Report every line of the entries that contains the word "simp".

Collected data
================

lemma tdist_self: "tdist Q u u = 0"
proof -
  have "tdist Q u u \<le> norm (u - u + (2 * Q * of_int (0::int), 2 * Q * of_int (0::int)))"
    unfolding tdist_def
    by (rule cInf_lower) (auto intro!: bdd_belowI[where m=0] exI[where x=0] simp: zero_prod_def)
  then show ?thesis
    using tdist_nonneg[of Q u u] by (simp add: zero_prod_def)
qed

lemma int_pairs_image_shift:
  fixes g :: "int \<Rightarrow> int \<Rightarrow> 'a"
  shows "{g (k1 + p1) (k2 + p2) | k1 k2. True} = {g k1 k2 | k1 k2. True}"
proof (intro set_eqI iffI)
  fix z
  assume "z \<in> {g k1 k2 | k1 k2. True}"
  then obtain k1 k2 where "z = g ((k1 - p1) + p1) ((k2 - p2) + p2)"
    by auto
  then show "z \<in> {g (k1 + p1) (k2 + p2) | k1 k2. True}"
    by blast
qed blast

lemma tdist_add_period:
  fixes p1 p2 :: int
  shows "tdist Q (u + (2 * Q * of_int p1, 2 * Q * of_int p2)) v = tdist Q u v"
proof -
  have "u + (2 * Q * of_int p1, 2 * Q * of_int p2) - v + (2 * Q * of_int k1, 2 * Q * of_int k2)
      = u - v + (2 * Q * of_int (k1 + p1), 2 * Q * of_int (k2 + p2))" for k1 k2 :: int
    by (simp add: algebra_simps)
  then show ?thesis
    unfolding tdist_def
    using int_pairs_image_shift[of "\<lambda>k1 k2. norm (u - v + (2 * Q * of_int k1, 2 * Q * of_int k2))" p1 p2]
    by (simp only:)
qed

lemma tdist_translate: "tdist Q (u + a) (v + a) = tdist Q u v"
  unfolding tdist_def by simp

lemma mem_cell_iff: "b \<in> cell eps i \<longleftrightarrow>
   real (fst i) * eps - eps / 2 \<le> fst b \<and> fst b \<le> real (fst i) * eps + eps / 2 \<and>
   real (snd i) * eps - eps / 2 \<le> snd b \<and> snd b \<le> real (snd i) * eps + eps / 2"
  unfolding cell_def by (cases b) (auto simp: cbox_Pair_eq)

definition leps_values :: "(real \<Rightarrow> real) \<Rightarrow> real \<Rightarrow> real \<Rightarrow> idx \<Rightarrow> idx \<Rightarrow> real set" where
  "leps_values l Q eps i j = {l (tdist Q b b') | b b'. b \<in> cell eps i \<and> b' \<in> cell eps j}"

lemma leps_eq_Sup: "leps l Q eps i j = Sup (leps_values l Q eps i j)"
  unfolding leps_def leps_values_def by simp

lemma center_in_cell: "0 < eps \<Longrightarrow> (real (fst i) * eps, real (snd i) * eps) \<in> cell eps i"
  by (simp add: mem_cell_iff)

lemma leps_values_ne: "0 < eps \<Longrightarrow> leps_values l Q eps i j \<noteq> {}"
  unfolding leps_values_def using center_in_cell by blast

lemma bdd_above_leps_values: "bounded (l ` {0..}) \<Longrightarrow> bdd_above (leps_values l Q eps i j)"
  unfolding leps_values_def
  by (rule bdd_above_mono[OF bounded_imp_bdd_above]) (auto intro: tdist_nonneg)

lemma l_tdist_le_leps:
  assumes "bounded (l ` {0..})" "b \<in> cell eps i" "b' \<in> cell eps j"
  shows "l (tdist Q b b') \<le> leps l Q eps i j"
proof -
  have "l (tdist Q b b') \<in> leps_values l Q eps i j"
    unfolding leps_values_def using assms by blast
  then show ?thesis
    unfolding leps_eq_Sup by (rule cSup_upper[OF _ bdd_above_leps_values[OF assms(1)]])
qed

================

#### Finished task
    by (rule cInf_lower) (auto intro!: bdd_belowI[where m=0] exI[where x=0] simp: zero_prod_def)
    using tdist_nonneg[of Q u u] by (simp add: zero_prod_def)
    by (simp add: algebra_simps)
    by (simp only:)
  unfolding tdist_def by simp
  unfolding cell_def by (cases b) (auto simp: cbox_Pair_eq)
  unfolding leps_def leps_values_def by simp
  by (simp add: mem_cell_iff)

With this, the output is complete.